Synthetic Attribution for untracked users
Learn more about using synthetic attribution to understand the behaviour of users who do not consent to cookies.
Why you should use Synthetic Attribution
The data value chain experts from Pandata know everything there is to know about Synthetic Attribution and provided us with highly technical input for this Whitepaper that you can use to improve your business’ results:
Attribution models are a vital tool for online marketing, but they rely on cookies, which many users opt-out of. Synthetic attribution is a collection of methods for using the attribution data of users who consent to cookies to understand the behaviour of those who do not. Cookie opt-outs, GDPR rules and consumer backlash against pervasive online tracking are all significant obstacles to creating effective attribution models. The aim of synthetic attribution is to use the assumptions that underpin attribution models to understand the journey of untracked users. It focuses on actual user conversions involving transaction data and uses data from those conversions to attribute revenue to a channel.
How does Synthetic Attribution work?
The value of any attribution model rests on the assumption that there is some kind of relationship between channel and user conversion.
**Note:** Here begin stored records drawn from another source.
(* Let $X$ and $Y$ be random variables with mean zero, variance $\sigma^2\in(0,\infty)$, and densities $f_X$ and $f_Y$. Let $X^*$ and $Y^*$ have the zero bias distributions of $X$ and $Y$, with $f_{Y^*}$ the density of $Y^*$. Suppose there is $x_0\ge0$ such that 1. $t\mapsto f_X(t)/f_Y(t)$ is decreasing on $t\ge x_0$; 2. for each $x\ge x_0$ there is a constant $a_Y(x)$ depending only on $x$ such that $f_{Y^*}(t)/f_Y(t)\le a_Y(x)$ for all $t\ge x$. Then $\mathbb{P}(X^*\ge x)\le a_Y(x)\,\mathbb{P}(X\ge x)$ for all $x\ge x_0$.
   Context: Zero bias transform: for $X$ with mean zero and finite variance $\sigma^2$, $X^*$ has the zero bias distribution of $X$ if $\mathbb{E}[Xf(X)]=\sigma^2\mathbb{E}[f'(X^* )]$ for all absolutely continuous $f$ for which the expectations exist; $X^*$ is absolutely continuous with density $f_{X^*}(t)=\sigma^{-2}\mathbb{E}[X\mathbb{I}_{X>t}]$. *)

theory Defs
  imports "HOL-Probability.Probability"
begin

definition abs_cont_with_deriv :: "(real \<Rightarrow> real) \<Rightarrow> (real \<Rightarrow> real) \<Rightarrow> bool" where
  "abs_cont_with_deriv f g \<longleftrightarrow>
     (\<forall>a b. a \<le> b \<longrightarrow> set_integrable lborel {a..b} g \<and>
                      (LINT t:{a..b}|lborel. g t) = f b - f a)"

definition zero_bias :: "'a measure \<Rightarrow> ('a \<Rightarrow> real) \<Rightarrow> ('a \<Rightarrow> real) \<Rightarrow> bool" where
  "zero_bias M X Xs \<longleftrightarrow>
     Xs \<in> borel_measurable M \<and>
     (\<forall>f g. abs_cont_with_deriv f g \<longrightarrow>
        integrable M (\<lambda>\<omega>. X \<omega> * f (X \<omega>)) \<longrightarrow>
        integrable M (\<lambda>\<omega>. g (Xs \<omega>)) \<longrightarrow>
        prob_space.expectation M (\<lambda>\<omega>. X \<omega> * f (X \<omega>)) =
          prob_space.variance M X * prob_space.expectation M (\<lambda>\<omega>. g (Xs \<omega>)))"

end

theory Submission
  imports Defs
begin

text \<open>Testing the zero bias identity with \<open>f(u) = (u - t)\<^sup>+\<close>, whose derivative is the indicator
  of \<open>[t, \<infinity>)\<close>, gives \<open>P(Z* \<ge> t) = \<sigma>\<^sup>-\<^sup>2 E[Z (Z - t)\<^sup>+]\<close>, and by Tonelli this is
  \<open>\<sigma>\<^sup>-\<^sup>2 \<integral>\<^sub>t\<^sup>\<infinity> E[Z 1{Z \<ge> u}] du\<close>; so on \<open>[0, \<infinity>)\<close> the density of \<open>Z*\<close> is
  \<open>\<sigma>\<^sup>-\<^sup>2 E[Z 1{Z \<ge> u}]\<close>. Since \<open>f\<^sub>X / f\<^sub>Y\<close> decreases, \<open>E[X 1{X \<ge> u}] \<le> (f\<^sub>X(u) / f\<^sub>Y(u)) E[Y 1{Y \<ge> u}]\<close>,
  hence \<open>f\<^sub>X\<^sub>*(u) \<le> (f\<^sub>X(u) / f\<^sub>Y(u)) f\<^sub>Y\<^sub>*(u) \<le> a\<^sub>Y(x) f\<^sub>X(u)\<close> for \<open>u \<ge> x\<close>; integrating over
  \<open>[x, \<infinity>)\<close> gives the claim.\<close>

text \<open>\<open>tail_moment f u = E[Z 1{Z \<ge> u}]\<close> for \<open>Z\<close> with density \<open>f\<close>, but only for \<open>u \<ge> 0\<close>:
  the cast to \<^typ>\<open>ennreal\<close> discards negative values of the integrand.\<close>
definition tail_moment :: "(real \<Rightarrow> real) \<Rightarrow> real \<Rightarrow> ennreal" where
  "tail_moment f u = (\<integral>\<^sup>+ s \<in> {u..}. ennreal (s * f s) \<partial>lborel)"

lemma borel_measurable_indicator_atLeast_pair[measurable]:
  "(\<lambda>(u::real, s::real). indicator {u..} s :: ennreal) \<in> borel_measurable (lborel \<Otimes>\<^sub>M lborel)"
  by (simp add: indicator_def split_beta')

lemma borel_measurable_tail_moment[measurable]:
  assumes [measurable]: "f \<in> borel_measurable borel"
  shows "tail_moment f \<in> borel_measurable borel"
proof -
  have "(\<lambda>u. \<integral>\<^sup>+ s. ennreal (s * f s) * indicator {u..} s \<partial>lborel) \<in> borel_measurable lborel"
    by (rule lborel.borel_measurable_nn_integral) (simp add: measurable_split_conv)
  then show ?thesis unfolding tail_moment_def by simp
qed

lemma nn_integral_mult_pos_part_eq_tail_moment:
  fixes f :: "real \<Rightarrow> real"
  assumes [measurable]: "f \<in> borel_measurable borel" and f_nonneg: "\<And>s. 0 \<le> f s" and "0 \<le> t"
  shows "(\<integral>\<^sup>+ s. ennreal (f s) * ennreal (s * max (s - t) 0) \<partial>lborel)
       = (\<integral>\<^sup>+ u \<in> {t..}. tail_moment f u \<partial>lborel)"
proof -
  have pointwise: "ennreal (f s) * ennreal (s * max (s - t) 0)
      = (\<integral>\<^sup>+ u. ennreal (s * f s) * indicator {u..} s * indicator {t..} u \<partial>lborel)" for s
  proof -
    have "(\<integral>\<^sup>+ u. ennreal (s * f s) * indicator {u..} s * indicator {t..} u \<partial>lborel)
        = (\<integral>\<^sup>+ u. ennreal (s * f s) * indicator {t..s} u \<partial>lborel)"
      by (intro nn_integral_cong) (auto simp: indicator_def)
    also have "\<dots> = ennreal (s * f s) * ennreal (max (s - t) 0)"
      by (simp add: nn_integral_cmult_indicator emeasure_lborel_Icc_eq max_def)
    also have "\<dots> = ennreal (f s) * ennreal (s * max (s - t) 0)"
      using \<open>0 \<le> t\<close> f_nonneg[of s]
      by (cases "t \<le> s") (simp_all add: ennreal_mult''[symmetric] mult_ac)
    finally show ?thesis ..
  qed
  have "(\<integral>\<^sup>+ s. ennreal (f s) * ennreal (s * max (s - t) 0) \<partial>lborel)
      = (\<integral>\<^sup>+ s. \<integral>\<^sup>+ u. ennreal (s * f s) * indicator {u..} s * indicator {t..} u \<partial>lborel \<partial>lborel)"
    by (simp only: pointwise)
  also have "\<dots> = (\<integral>\<^sup>+ u. \<integral>\<^sup>+ s. ennreal (s * f s) * indicator {u..} s * indicator {t..} u \<partial>lborel \<partial>lborel)"
    by (rule lborel_pair.Fubini') (simp add: measurable_split_conv)
  also have "\<dots> = (\<integral>\<^sup>+ u \<in> {t..}. tail_moment f u \<partial>lborel)"
    unfolding tail_moment_def by (intro nn_integral_cong nn_integral_multc) measurable
  finally show ?thesis .
qed

lemma integrable_mult_pos_part:
  fixes Z :: "'a \<Rightarrow> real"
  assumes "integrable M Z" and "integrable M (\<lambda>\<omega>. (Z \<omega>)\<^sup>2)"
  shows "integrable M (\<lambda>\<omega>. Z \<omega> * max (Z \<omega> - t) 0)"
proof (rule Bochner_Integration.integrable_bound)
  show "integrable M (\<lambda>\<omega>. (Z \<omega>)\<^sup>2 + \<bar>t\<bar> * \<bar>Z \<omega>\<bar>)"
    using assms by auto
  show "AE \<omega> in M. norm (Z \<omega> * max (Z \<omega> - t) 0) \<le> norm ((Z \<omega>)\<^sup>2 + \<bar>t\<bar> * \<bar>Z \<omega>\<bar>)"
  proof (intro AE_I2)
    fix \<omega>
    have "\<bar>Z \<omega>\<bar> * max (Z \<omega> - t) 0 \<le> \<bar>Z \<omega>\<bar> * (\<bar>Z \<omega>\<bar> + \<bar>t\<bar>)"
      by (intro mult_left_mono) auto
    then show "norm (Z \<omega> * max (Z \<omega> - t) 0) \<le> norm ((Z \<omega>)\<^sup>2 + \<bar>t\<bar> * \<bar>Z \<omega>\<bar>)"
      by (simp add: abs_mult power2_eq_square algebra_simps)
  qed
qed (use assms in measurable)

lemma abs_cont_with_deriv_pos_part:
  "abs_cont_with_deriv (\<lambda>u. max (u - t) 0) (indicator {t..})"
  unfolding abs_cont_with_deriv_def
proof (intro allI impI conjI)
  fix a b :: real assume "a \<le> b"
  have Icc_inter: "indicator {a..b} x * indicator {t..} x = (indicator {max a t..b} x :: real)" for x
    by (auto simp: indicator_def)
  show "set_integrable lborel {a..b} (indicator {t..} :: real \<Rightarrow> real)"
    unfolding set_integrable_def by (simp add: Icc_inter emeasure_lborel_Icc_eq)
  show "(LINT u:{a..b}|lborel. (indicator {t..} u :: real)) = max (b - t) 0 - max (a - t) 0"
    unfolding set_lebesgue_integral_def using \<open>a \<le> b\<close> by (simp add: Icc_inter max_def)
qed

lemma (in prob_space) zero_bias_pos_part:
  assumes zb: "zero_bias M Z Zs"
    and "integrable M Z" and "integrable M (\<lambda>\<omega>. (Z \<omega>)\<^sup>2)"
  shows "expectation (\<lambda>\<omega>. Z \<omega> * max (Z \<omega> - t) 0) = variance Z * prob {\<omega> \<in> space M. t \<le> Zs \<omega>}"
proof -
  have [measurable]: "Zs \<in> borel_measurable M"
    using zb unfolding zero_bias_def by simp
  have "integrable M (\<lambda>\<omega>. indicator {t..} (Zs \<omega>) :: real)"
    by (rule integrable_const_bound[where B=1]) auto
  then have "expectation (\<lambda>\<omega>. Z \<omega> * max (Z \<omega> - t) 0)
      = variance Z * expectation (\<lambda>\<omega>. indicator {t..} (Zs \<omega>))"
    using zb abs_cont_with_deriv_pos_part integrable_mult_pos_part assms(2,3)
    unfolding zero_bias_def by blast
  also have "expectation (\<lambda>\<omega>. indicator {t..} (Zs \<omega>)) = expectation (indicator {\<omega> \<in> space M. t \<le> Zs \<omega>})"
    by (intro Bochner_Integration.integral_cong) (auto simp: indicator_def)
  finally show ?thesis
    by simp
qed

lemma (in prob_space) zero_bias_tail_prob:
  assumes zb: "zero_bias M Z Zs" and Z: "distributed M lborel Z (\<lambda>s. ennreal (fZ s))"
    and fZ_nonneg: "\<And>s. 0 \<le> fZ s"
    and "integrable M Z" and "integrable M (\<lambda>\<omega>. (Z \<omega>)\<^sup>2)"
    and "0 < variance Z" and "0 \<le> t"
  shows "ennreal (prob {\<omega> \<in> space M. t \<le> Zs \<omega>})
       = ennreal (1 / variance Z) * (\<integral>\<^sup>+ u \<in> {t..}. tail_moment fZ u \<partial>lborel)"
proof -
  have [measurable]: "Z \<in> borel_measurable M" "fZ \<in> borel_measurable borel"
    using distributed_measurable[OF Z] distributed_real_measurable[OF _ Z] fZ_nonneg by auto
  define E where "E = expectation (\<lambda>\<omega>. Z \<omega> * max (Z \<omega> - t) 0)"
  have pos: "0 \<le> z * max (z - t) 0" for z
    using \<open>0 \<le> t\<close> by (cases "z \<le> t") auto
  have "ennreal E = (\<integral>\<^sup>+ \<omega>. ennreal (Z \<omega> * max (Z \<omega> - t) 0) \<partial>M)"
    unfolding E_def using integrable_mult_pos_part assms(4,5)
    by (intro nn_integral_eq_integral[symmetric]) (simp_all add: pos)
  also have "\<dots> = (\<integral>\<^sup>+ s. ennreal (fZ s) * ennreal (s * max (s - t) 0) \<partial>lborel)"
    by (rule distributed_nn_integral[OF Z, symmetric]) simp
  also have "\<dots> = (\<integral>\<^sup>+ u \<in> {t..}. tail_moment fZ u \<partial>lborel)"
    by (rule nn_integral_mult_pos_part_eq_tail_moment) (simp_all add: fZ_nonneg \<open>0 \<le> t\<close>)
  finally have "ennreal E = (\<integral>\<^sup>+ u \<in> {t..}. tail_moment fZ u \<partial>lborel)" .
  moreover have "prob {\<omega> \<in> space M. t \<le> Zs \<omega>} = 1 / variance Z * E"
    using zero_bias_pos_part[OF zb assms(4,5)] \<open>0 < variance Z\<close> unfolding E_def by simp
  ultimately show ?thesis
    using \<open>0 < variance Z\<close> by (metis ennreal_mult' less_imp_le zero_le_divide_1_iff)
qed

lemma AE_eq_on_tail_if_tail_integrals_eq:
  fixes f g :: "real \<Rightarrow> ennreal"
  assumes [measurable]: "f \<in> borel_measurable borel" "g \<in> borel_measurable borel"
    and finite: "(\<integral>\<^sup>+ u \<in> {a..}. f u \<partial>lborel) < \<infinity>"
    and tails: "\<And>b. a \<le> b \<Longrightarrow> (\<integral>\<^sup>+ u \<in> {b..}. f u \<partial>lborel) = (\<integral>\<^sup>+ u \<in> {b..}. g u \<partial>lborel)"
  shows "AE u in lborel. a \<le> u \<longrightarrow> f u = g u"
proof -
  have restrict: "emeasure (density lborel (\<lambda>u. h u * indicator {a..} u)) {b<..}
      = (\<integral>\<^sup>+ u \<in> {max a b..}. h u \<partial>lborel)"
    if [measurable]: "h \<in> borel_measurable borel" for h and b
  proof -
    have "emeasure (density lborel (\<lambda>u. h u * indicator {a..} u)) {b<..}
        = (\<integral>\<^sup>+ u. h u * indicator {a..} u * indicator {b<..} u \<partial>lborel)"
      by (simp add: emeasure_density)
    also have "\<dots> = (\<integral>\<^sup>+ u \<in> {max a b..}. h u \<partial>lborel)"
      by (intro nn_integral_cong_AE, use AE_lborel_singleton[of "max a b"] in eventually_elim)
        (auto simp: indicator_def)
    finally show ?thesis .
  qed
  have "density lborel (\<lambda>u. f u * indicator {a..} u) = density lborel (\<lambda>u. g u * indicator {a..} u)"
  proof (rule measure_eqI_lessThan)
    fix b :: real
    have "(\<integral>\<^sup>+ u \<in> {max a b..}. f u \<partial>lborel) \<le> (\<integral>\<^sup>+ u \<in> {a..}. f u \<partial>lborel)"
      by (intro nn_integral_mono) (auto simp: indicator_def)
    then show "emeasure (density lborel (\<lambda>u. f u * indicator {a..} u)) {b<..} < \<infinity>"
      unfolding restrict[OF \<open>f \<in> borel_measurable borel\<close>] using finite by simp
    show "emeasure (density lborel (\<lambda>u. f u * indicator {a..} u)) {b<..}
        = emeasure (density lborel (\<lambda>u. g u * indicator {a..} u)) {b<..}"
      using restrict[OF \<open>f \<in> borel_measurable borel\<close>] restrict[OF \<open>g \<in> borel_measurable borel\<close>]
      by (simp add: tails)
  qed simp_all
  then have "AE u in lborel. f u * indicator {a..} u = g u * indicator {a..} u"
    by (rule sigma_finite_measure.density_unique[OF sigma_finite_lborel, rotated 2]) simp_all
  then show ?thesis
    by eventually_elim (auto simp: indicator_def)
qed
Synthetic attribution takes that approach and reverses it. Rather than starting with the marketing channel, it starts with the conversion and works backwards to assign a probability that a given conversion came via a given channel.
The simplest synthetic attribution model is to simply assign all revenue from untracked users to channels in the same proportion as tracked users. This fills in the gaps in any attribution reporting but has the downside of assuming that tracked and untracked users are identical, and that opting in or out of cookies is effectively random. It is much more likely that there are differences in behaviour between these two groups of users, and a synthetic attribution model can leverage the data that is available on untracked users to make inferences about those differences.
The chart above uses data from The Look, Google’s fictional ecommerce company, to show how accurate proportional and synthetic attribution models are at attributing revenue to channels, compared to actual revenue. The smaller the bars, the smaller the deviation from the actual revenue from a given channel. In every case, synthetic attribution models are much more accurate than simple proportional models.
Effective models for synthetic Attribution
Even if a user is untracked, you will have data on the purchases that they make. This transaction data is the best way to identify differences between tracked and untracked users. Different marketing channels attract different types of customers with different messages, and these differences are apparent in the purchase decisions made by customers. There are identifiable and consistent relationships between purchase types and channels, influenced by the messages and target demographics of those particular channels.
Using models such as Gradient Boosted Classification Trees for synthetic attribution is a highly effective approach. These models are highly flexible and can use transaction data (such as order value, order items and coupon codes) from tracked users to attribute revenue to channels for untracked users. Using this data a model can make a prediction about how likely a given transaction is to have come from each channel.
Understanding Synthetic with our Whitepaper
Synthetic attribution models can vary in complexity depending on requirements and data availability. They cannot provide a complete replication of pre-GDPR levels of information but are a valuable component for any modelling ecosystem attempting to allocate resources to channels. By relying on existing data collection they are easy to implement, and respect both the letter and spirit of GDPR by avoiding tracking individual users who do not consent to cookies. Synthetic attribution provides additional and valuable insights on how customers are acquired, and- might become a key component of organizations’ ethical tracking strategies.